I’m looking to speed up julia on aarch64, and thought I’d write up attempts so far to see if anyone had any tips? Thanks @staticfloat for the pointers already
It seems that julia loading runs slower than it should on aarch64, when normalizing for compute power.
As an example, on a Nvidia Jetson Xavier NX, which has a 6-core NVIDIA Carmel 64-bit ARMv8.2 @ 1400MHz* (6MB L2 + 4MB L3) CPU, 8GB RAM
Here’s a CPU benchmark of the closely similar Jetson AGX Xavier, for reference (source)
On julia 1.4.1
julia> @time using Flux
64.351722 seconds (55.22 M allocations: 2.917 GiB, 2.92% gc time)
with precompilation taking 7-8 minutes…
A PackageCompiler.jl
Flux Sysimage loads with julia in 20 seconds, which is also a lot slower.
As a benchmark, a 2018 Macbook Pro, 2.6 GHz 6-Core Intel Core i7 CPU, 16 GB RAM
julia> @time using Flux
18.150855 seconds (51.58 M allocations: 2.767 GiB, 4.34% gc time)
In looking for ways to speed it up:
- I came across this write up from ARM that concludes:
As long as you’re not cross compiling, the simplest and easiest way to get the best performance on Arm with both GNU compilers and LLVM-compilers is to use only -mcpu=native and actively avoid using -mtune or -march.
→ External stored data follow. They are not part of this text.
(* Let $\mathcal{H}_A,\mathcal{H}_B$ be finite-dimensional Hilbert spaces, let $|\Psi\rangle,|\Phi\rangle\in\mathcal{H}_A\otimes\mathcal{H}_B$ be unit vectors (not necessarily orthogonal), and let $\alpha,\beta\in\mathbb{C}$ with $|\alpha|^2+|\beta|^2=1$ such that $|\Gamma\rangle=\alpha|\Psi\rangle+\beta|\Phi\rangle\neq 0$. Define $\rho^{AB}=|\alpha|^2|\Psi\rangle\langle\Psi|+|\beta|^2|\Phi\rangle\langle\Phi|$, $\rho^A=\mathrm{Tr}_B\rho^{AB}$, $\rho^B=\mathrm{Tr}_A\rho^{AB}$. Then $$\big\|\,|\Gamma\rangle\big\|^2\,E(\Gamma)\le 2\Big[|\alpha|^2E(\Psi)+|\beta|^2E(\Phi)+h_2(|\alpha|^2)-|S(\rho^A)-S(\rho^B)|\Big].$$
   Context: $S(\rho)=-\mathrm{Tr}(\rho\log\rho)$ is the von Neumann entropy (logarithm base 2). For a nonzero vector $|\chi\rangle\in\mathcal{H}_A\otimes\mathcal{H}_B$, its entanglement is $E(\chi)=S\big(\mathrm{Tr}_B|\chi\rangle\langle\chi|/\langle\chi|\chi\rangle\big)$, i.e. the entropy of entanglement of the normalized vector. $h_2(x)=-x\log x-(1-x)\log(1-x)$ is the binary entropy function, with $0\log 0=0$. *)

theory Defs
  imports Complex_Main "Jordan_Normal_Form.Char_Poly"
begin

text \<open>A vector of H_A (x) H_B (dimensions dA, dB) is a complex vector of dimension dA*dB;
  the basis vector |i>|j> has index i*dB + j.\<close>

definition outer :: "complex vec \<Rightarrow> complex mat" where
  "outer v = mat (dim_vec v) (dim_vec v) (\<lambda>(i,k). v $ i * cnj (v $ k))"

definition ptrace_B :: "nat \<Rightarrow> nat \<Rightarrow> complex mat \<Rightarrow> complex mat" where
  "ptrace_B dA dB \<rho> = mat dA dA (\<lambda>(i,i'). \<Sum>j<dB. \<rho> $$ (i*dB + j, i'*dB + j))"

definition ptrace_A :: "nat \<Rightarrow> nat \<Rightarrow> complex mat \<Rightarrow> complex mat" where
  "ptrace_A dA dB \<rho> = mat dB dB (\<lambda>(j,j'). \<Sum>i<dA. \<rho> $$ (i*dB + j, i*dB + j'))"

definition sqnorm :: "complex vec \<Rightarrow> real" where
  "sqnorm v = (\<Sum>i<dim_vec v. (cmod (v $ i))^2)"

definition xlog2x :: "real \<Rightarrow> real" where
  "xlog2x x = (if x \<le> 0 then 0 else x * log 2 x)"

text \<open>von Neumann entropy (base 2): -Tr(rho log rho) = - sum over eigenvalues (with
  algebraic multiplicity, as roots of the characteristic polynomial) of lambda log lambda.\<close>
definition vN_entropy :: "complex mat \<Rightarrow> real" where
  "vN_entropy \<rho> = - (\<Sum>z\<in>{z. poly (char_poly \<rho>) z = 0}.
       real (order z (char_poly \<rho>)) * xlog2x (Re z))"

definition ent :: "nat \<Rightarrow> nat \<Rightarrow> complex vec \<Rightarrow> real" where
  "ent dA dB v = vN_entropy (ptrace_B dA dB ((1 / complex_of_real (sqnorm v)) \<cdot>\<^sub>m outer v))"

definition h2 :: "real \<Rightarrow> real" where
  "h2 x = - xlog2x x - xlog2x (1 - x)"

end

theory Submission
  imports Defs "HOL-Computational_Algebra.Fundamental_Theorem_Algebra"
begin

(* With Gamma' = alpha Psi - beta Phi, polarization gives
   rho_AB = (|Gamma><Gamma| + |Gamma'><Gamma'|) / 2, so rho_A = Tr_B rho_AB contains the
   reduced state of Gamma with weight |Gamma|^2/2.  A concavity estimate yields
   (|Gamma|^2/2) E(Gamma) <= S(rho_A), and likewise <= S(rho_B) since the two reduced states of a
   pure state have equal entropy (Schmidt).  Conversely, S(rho_A) and S(rho_B) are at most
   X = |alpha|^2 E(Psi) + |beta|^2 E(Phi) + h2(|alpha|^2) (entropy of a mixture).  Hence
   |Gamma|^2 E(Gamma) <= 2 min(S(rho_A), S(rho_B)) <= 2 (X - |S(rho_A) - S(rho_B)|). *)

section \<open>The function eta(x) = - x log x\<close>

definition eta :: "real \<Rightarrow> real" where
  "eta x = - xlog2x x"

lemma eta_0 [simp]: "eta 0 = 0"
  by (simp add: eta_def xlog2x_def)

lemma eta_pos: "0 < x \<Longrightarrow> eta x = - x * ln x / ln 2"
  by (simp add: eta_def xlog2x_def log_def)

lemma h2_eta: "h2 p = eta p + eta (1 - p)"
  unfolding h2_def eta_def by simp

lemma eta_nonneg:
  assumes "0 \<le> x" "x \<le> 1"
  shows "0 \<le> eta x"
proof (cases "x = 0")
  case False
  with assms have "0 < x" "ln x \<le> 0" by auto
  then have "x * ln x \<le> 0" by (simp add: mult_nonneg_nonpos)
  with \<open>0 < x\<close> show ?thesis by (simp add: eta_pos divide_nonpos_pos)
qed simp

text \<open>eta is a derivation: this gives the entropy of a scaled probability vector.\<close>
lemma eta_mult:
  assumes "0 \<le> a" "0 \<le> b"
  shows "eta (a * b) = a * eta b + b * eta a"
proof (cases "a = 0 \<or> b = 0")
  case False
  with assms have "0 < a" "0 < b" by auto
  then show ?thesis by (simp add: eta_pos ln_mult field_simps)
qed auto

lemma x_ln_ratio_le:
  fixes x y :: real
  assumes "0 < x" "0 < y"
  shows "x * ln y - x * ln x \<le> y - x"
proof -
  have "ln (y/x) \<le> y/x - 1"
    using assms by (intro ln_le_minus_one) auto
  then have "x * ln (y/x) \<le> x * (y/x - 1)"
    using assms by (intro mult_left_mono) auto
  moreover have "x * (y/x - 1) = y - x" "ln (y/x) = ln y - ln x"
    using assms by (simp_all add: field_simps ln_div)
  ultimately show ?thesis
    by (simp add: right_diff_distrib)
qed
So I tried building julia 1.4.1 with a Make.user of
USE_BINARYBUILDER_LLVM=0
CXXFLAGS=-DMCPU=native
and got a 11% improvement, which might be above the noise
julia> @time using Flux
56.904661 seconds (54.46 M allocations: 2.882 GiB, 3.13% gc time)
-
Additionally, and perhaps most importantly(?) LLVM seems to be lacking support for the Carmel chipsets, but there is a LLVM PR for Nvidia Carmel support.
-
Profiling
using Flux
didn’t highlight any particular bottlenecks
What else can I try?